*Directions for this task:* Repeat exactly, and only, the lines of the entries below from the one with "(metis power_Suc2 mult_1)" through the one with "(\<lambda>(v, i). v", both ends included.

*Material supplied:*
(* Let $K$ be a finite field of characteristic $p$ and order $q$, let $s$ be a positive integer with $\gcd(s,q-1)=1$, and let $\tau$ be the permutation of $\mathcal{W}_{K,s}$ defined below. Then $\tau$ is a single cycle (i.e., a cycle containing all elements of $\mathcal{W}_{K,s}$) if and only if $K=\mathbb{F}_2$; in that case $s$ is degenerate and $\tau$ is a $1$-cycle.
   Context: $\zeta=\exp(2\pi i/p)$, $\psi(x)=\zeta^{\mathrm{Tr}(x)}$ with $\mathrm{Tr}$ the absolute trace of $K$ to $\mathbb{F}_p$; $W_u=\sum_{x\in K}\psi(x^s-ux)$; $\mathcal{W}_{K,s}=\{W_u:u\in K^\times\}$. Let $\gamma$ be a primitive element of $\mathbb{F}_p$ and $\sigma\in\mathrm{Gal}(\mathbb{Q}(\zeta)/\mathbb{Q})$ with $\sigma(\zeta)=\zeta^\gamma$; it is known that $\sigma(W_u)=W_{\gamma^{1-1/s}u}$ (with $1/s$ the inverse of $s$ mod $p-1$), so $\sigma$ restricts to a permutation $\tau$ of $\mathcal{W}_{K,s}$. The exponent $s$ is degenerate over $K$ if $s\equiv p^k\pmod{q-1}$ for some integer $k$. *)

theory Defs
  imports "HOL-Analysis.Analysis" "HOL-Number_Theory.Number_Theory"
begin

text \<open>K is modelled by a finite field type 'a; p = CHAR('a), q = CARD('a) = p^n.\<close>

definition ext_deg :: "'a::{finite,field} itself \<Rightarrow> nat" where
  "ext_deg T = (THE n. CARD('a) = CHAR('a) ^ n)"

text \<open>Absolute trace K -> F_p (as an element of K lying in the prime field).\<close>
definition abs_trace :: "'a::{finite,field} \<Rightarrow> 'a" where
  "abs_trace x = (\<Sum>i<ext_deg TYPE('a). x ^ (CHAR('a) ^ i))"

definition trace_nat :: "'a::{finite,field} \<Rightarrow> nat" where
  "trace_nat x = (THE k. k < CHAR('a) \<and> of_nat k = abs_trace x)"

definition zeta :: "nat \<Rightarrow> complex" where
  "zeta p = cis (2 * pi / real p)"

definition psi :: "'a::{finite,field} \<Rightarrow> complex" where
  "psi x = zeta CHAR('a) ^ trace_nat x"

definition Wsum :: "nat \<Rightarrow> 'a::{finite,field} \<Rightarrow> complex" where
  "Wsum s u = (\<Sum>x\<in>UNIV. psi (x ^ s - u * x))"

definition Wset :: "'a::{finite,field} itself \<Rightarrow> nat \<Rightarrow> complex set" where
  "Wset T s = {Wsum s (u::'a) | u. u \<noteq> 0}"

definition Qzeta :: "nat \<Rightarrow> complex set" where
  "Qzeta p = {\<Sum>j<p. of_rat (r j) * zeta p ^ j | r. True}"

definition is_galois_sigma :: "nat \<Rightarrow> nat \<Rightarrow> (complex \<Rightarrow> complex) \<Rightarrow> bool" where
  "is_galois_sigma p \<gamma> \<sigma> \<longleftrightarrow>
     (\<forall>x\<in>Qzeta p. \<forall>y\<in>Qzeta p. \<sigma> (x + y) = \<sigma> x + \<sigma> y \<and> \<sigma> (x * y) = \<sigma> x * \<sigma> y)
     \<and> \<sigma> 1 = 1 \<and> \<sigma> (zeta p) = zeta p ^ \<gamma>"

definition single_cycle :: "('b \<Rightarrow> 'b) \<Rightarrow> 'b set \<Rightarrow> bool" where
  "single_cycle f A \<longleftrightarrow> A \<noteq> {} \<and> (\<forall>w\<in>A. A = {(f ^^ n) w | n. True})"

definition degenerate :: "'a::{finite,field} itself \<Rightarrow> nat \<Rightarrow> bool" where
  "degenerate T s \<longleftrightarrow> (\<exists>k. [s = CHAR('a) ^ k] (mod (CARD('a) - 1)))"

end

theory Submission
  imports Defs
begin

(* For K = F_2 the only sum is W_1 = 2, which sigma fixes. Otherwise consider
   T(w) = sum_{n < p - 1} sigma^n(w). As gamma^n runs through the nonzero residues mod p,
   T(W_u) = p N(u) - q, where N(u) counts the x with Tr(x^s - u x) = 0; and T is constant on
   sigma-orbits, because sigma^k only multiplies the exponents of zeta by the unit gamma^k.
   So if sigma were a single cycle, N(u) would not depend on u /= 0. Double counting the pairs
   (u, x), and using that x |-> x^s is bijective, gives Z + (q - 1) N(1) = q + (q - 1) Z for the
   size Z of the kernel of the trace; as 0 < Z < q this forces Z = 1 and N(1) = 2. But Z = 1
   makes the trace injective, so K = F_p with p odd, s is odd, and 0, 1, -1 are three zeros
   of Tr(x^s - x). *)

lemma prime_CHAR_finite_field: "prime CHAR('a::{finite,field})"
  by (rule prime_CHAR_semidom) (rule finite_imp_CHAR_pos, simp)

lemma CHAR_ge_2: "CHAR('a::{finite,field}) \<ge> 2"
  using prime_CHAR_finite_field[where 'a='a] prime_ge_2_nat by blast

lemma CARD_ge_2: "CARD('a::{finite,field}) \<ge> 2"
proof -
  have "card {0::'a, 1} \<le> CARD('a)" by (rule card_mono) auto
  thus ?thesis by simp
qed

lemma power_CARD_minus_1:
  fixes x :: "'a::{finite,field}"
  assumes "x \<noteq> 0"
  shows "x ^ (CARD('a) - 1) = 1"
proof -
  let ?U = "UNIV - {0::'a}"
  have "x ^ card ?U * (\<Prod>y\<in>?U. y) = (\<Prod>y\<in>?U. x * y)"
    by (simp add: prod.distrib)
  also have "\<dots> = (\<Prod>y\<in>?U. y)"
    by (rule prod.reindex_bij_witness[of _ "\<lambda>y. y / x" "\<lambda>y. x * y"]) (use assms in auto)
  finally show ?thesis by (simp add: card_Diff_singleton)
qed

lemma power_eq_1_if_CARD_minus_1_dvd:
  fixes x :: "'a::{finite,field}"
  assumes "x \<noteq> 0" and "CARD('a) - 1 dvd m"
  shows "x ^ m = 1"
  using assms power_CARD_minus_1[OF assms(1)] by (auto elim!: dvdE simp: power_mult)

lemma power_CARD_eq_self: "x ^ CARD('a) = (x::'a::{finite,field})"
proof (cases "x = 0")
  case False
  have "x ^ CARD('a) = x * x ^ (CARD('a) - 1)"
    using CARD_ge_2[where 'a='a] by (simp flip: power_Suc)
  thus ?thesis using power_CARD_minus_1[OF False] by simp
qed simp

lemma inj_power_if_coprime:
  assumes "s > 0" and "coprime s (CARD('a::{finite,field}) - 1)"
  shows "inj (\<lambda>x::'a. x ^ s)"
proof -
  define d where "d = CARD('a) - 1"
  have "d > 0" using CARD_ge_2[where 'a='a] by (simp add: d_def)
  obtain t where inv: "[s * t = 1] (mod d)"
    using cong_solve_coprime_nat[OF assms(2)] by (auto simp: d_def)
  \<comment> \<open>shifting \<open>t\<close> by \<open>d\<close> makes the exponent positive even when \<open>d = 1\<close>\<close>
  have "[s * (t + d) = s * t] (mod d)" by (simp add: cong_def distrib_left)
  from cong_trans[OF this inv] have t: "[s * (t + d) = 1] (mod d)" .
  have t_pos: "s * (t + d) > 0" using assms(1) \<open>d > 0\<close> by simp
  have "(x ^ s) ^ (t + d) = x" for x :: 'a
  proof (cases "x = 0")
    case False
    have "d dvd s * (t + d) - 1" using cong_to_1_nat[OF t] .
    hence "x ^ (s * (t + d) - 1) = 1" by (rule power_eq_1_if_CARD_minus_1_dvd[OF False, folded d_def])
    moreover have "s * (t + d) = Suc (s * (t + d) - 1)" using t_pos by simp
    ultimately have "x ^ (s * (t + d)) = x" by (metis power_Suc2 mult_1)
    thus ?thesis by (simp add: power_mult)
  qed (use t_pos in \<open>simp add: power_mult[symmetric]\<close>)
  thus ?thesis by (metis injI)
qed

lemma of_nat_power_CHAR: "(of_nat k :: 'a::{finite,field}) ^ CHAR('a) = of_nat k"
proof (induction k)
  case (Suc k)
  thus ?case by (simp add: freshmans_dream[OF prime_CHAR_finite_field refl])
qed (use CHAR_ge_2[where 'a='a] in simp)

lemma of_nat_inverse_in_prime_field:
  assumes "\<not> CHAR('a::{finite,field}) dvd k"
  obtains m where "of_nat m * of_nat k = (1::'a)"
proof -
  have "coprime k CHAR('a)"
    using assms prime_CHAR_finite_field prime_imp_coprime by (metis coprime_commute)
  then obtain m where "[k * m = 1] (mod CHAR('a))" using cong_solve_coprime_nat by auto
  hence "of_nat (m * k) = (of_nat 1 :: 'a)" by (simp only: of_nat_eq_iff_cong_CHAR mult.commute)
  thus ?thesis using that by simp
qed

definition add_closed :: "'a::{zero,plus} set \<Rightarrow> bool" where
  "add_closed V \<longleftrightarrow> 0 \<in> V \<and> (\<forall>x\<in>V. \<forall>y\<in>V. x + y \<in> V)"

lemma add_closed_of_nat_mult:
  assumes "add_closed V" and "x \<in> V"
  shows "of_nat m * x \<in> V"
  using assms by (induction m) (auto simp: add_closed_def distrib_right)

lemma add_closed_uminus:
  fixes V :: "'a::{finite,field} set"
  assumes "add_closed V" and "x \<in> V"
  shows "- x \<in> V"
proof -
  have "of_nat (CHAR('a) - 1) * x + x = of_nat CHAR('a) * x"
    using CHAR_ge_2[where 'a='a] by (simp add: algebra_simps of_nat_diff)
  hence "of_nat (CHAR('a) - 1) * x = - x" by (simp add: eq_neg_iff_add_eq_0)
  thus ?thesis using add_closed_of_nat_mult[OF assms] by metis
qed

definition add_closed_extend :: "'a::{finite,field} set \<Rightarrow> 'a \<Rightarrow> 'a set" where
  "add_closed_extend V a = (\<lambda>(v, i). v + of_nat i * a) ` (V \<times> {..<CHAR('a)})"

lemma add_closed_add_closed_extend:
  assumes "add_closed V"
  shows "add_closed (add_closed_extend V a)"
  unfolding add_closed_def
proof (intro conjI ballI)
  show "0 \<in> add_closed_extend V a"
    unfolding add_closed_extend_def
    by (rule image_eqI[where x="(0, 0)"]) (use assms CHAR_ge_2[where 'a='a] in \<open>auto simp: add_closed_def\<close>)
next
  fix x y assume "x \<in> add_closed_extend V a" "y \<in> add_closed_extend V a"
  then obtain v i w j where vw: "v \<in> V" "w \<in> V"
    and x: "x = v + of_nat i * a" and y: "y = w + of_nat j * a"
    by (auto simp: add_closed_extend_def)
  have "of_nat (i + j) = (of_nat ((i + j) mod CHAR('a)) :: 'a)"
    by (simp only: of_nat_eq_iff_cong_CHAR cong_def mod_mod_trivial)
  hence "x + y = (v + w) + of_nat ((i + j) mod CHAR('a)) * a"
    unfolding x y by (metis add.assoc add.left_commute distrib_right of_nat_add)
  moreover have "v + w \<in> V" using assms vw by (auto simp: add_closed_def)
  moreover have "(i + j) mod CHAR('a) < CHAR('a)" using CHAR_ge_2[where 'a='a] by simp
  ultimately show "x + y \<in> add_closed_extend V a"
    by (auto simp: add_closed_extend_def image_iff)
qed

*Solution for this exercise:*
    ultimately have "x ^ (s * (t + d)) = x" by (metis power_Suc2 mult_1)
    thus ?thesis by (simp add: power_mult)
  qed (use t_pos in \<open>simp add: power_mult[symmetric]\<close>)
  thus ?thesis by (metis injI)
qed

lemma of_nat_power_CHAR: "(of_nat k :: 'a::{finite,field}) ^ CHAR('a) = of_nat k"
proof (induction k)
  case (Suc k)
  thus ?case by (simp add: freshmans_dream[OF prime_CHAR_finite_field refl])
qed (use CHAR_ge_2[where 'a='a] in simp)

lemma of_nat_inverse_in_prime_field:
  assumes "\<not> CHAR('a::{finite,field}) dvd k"
  obtains m where "of_nat m * of_nat k = (1::'a)"
proof -
  have "coprime k CHAR('a)"
    using assms prime_CHAR_finite_field prime_imp_coprime by (metis coprime_commute)
  then obtain m where "[k * m = 1] (mod CHAR('a))" using cong_solve_coprime_nat by auto
  hence "of_nat (m * k) = (of_nat 1 :: 'a)" by (simp only: of_nat_eq_iff_cong_CHAR mult.commute)
  thus ?thesis using that by simp
qed

definition add_closed :: "'a::{zero,plus} set \<Rightarrow> bool" where
  "add_closed V \<longleftrightarrow> 0 \<in> V \<and> (\<forall>x\<in>V. \<forall>y\<in>V. x + y \<in> V)"

lemma add_closed_of_nat_mult:
  assumes "add_closed V" and "x \<in> V"
  shows "of_nat m * x \<in> V"
  using assms by (induction m) (auto simp: add_closed_def distrib_right)

lemma add_closed_uminus:
  fixes V :: "'a::{finite,field} set"
  assumes "add_closed V" and "x \<in> V"
  shows "- x \<in> V"
proof -
  have "of_nat (CHAR('a) - 1) * x + x = of_nat CHAR('a) * x"
    using CHAR_ge_2[where 'a='a] by (simp add: algebra_simps of_nat_diff)
  hence "of_nat (CHAR('a) - 1) * x = - x" by (simp add: eq_neg_iff_add_eq_0)
  thus ?thesis using add_closed_of_nat_mult[OF assms] by metis
qed

definition add_closed_extend :: "'a::{finite,field} set \<Rightarrow> 'a \<Rightarrow> 'a set" where
  "add_closed_extend V a = (\<lambda>(v, i). v + of_nat i * a) ` (V \<times> {..<CHAR('a)})"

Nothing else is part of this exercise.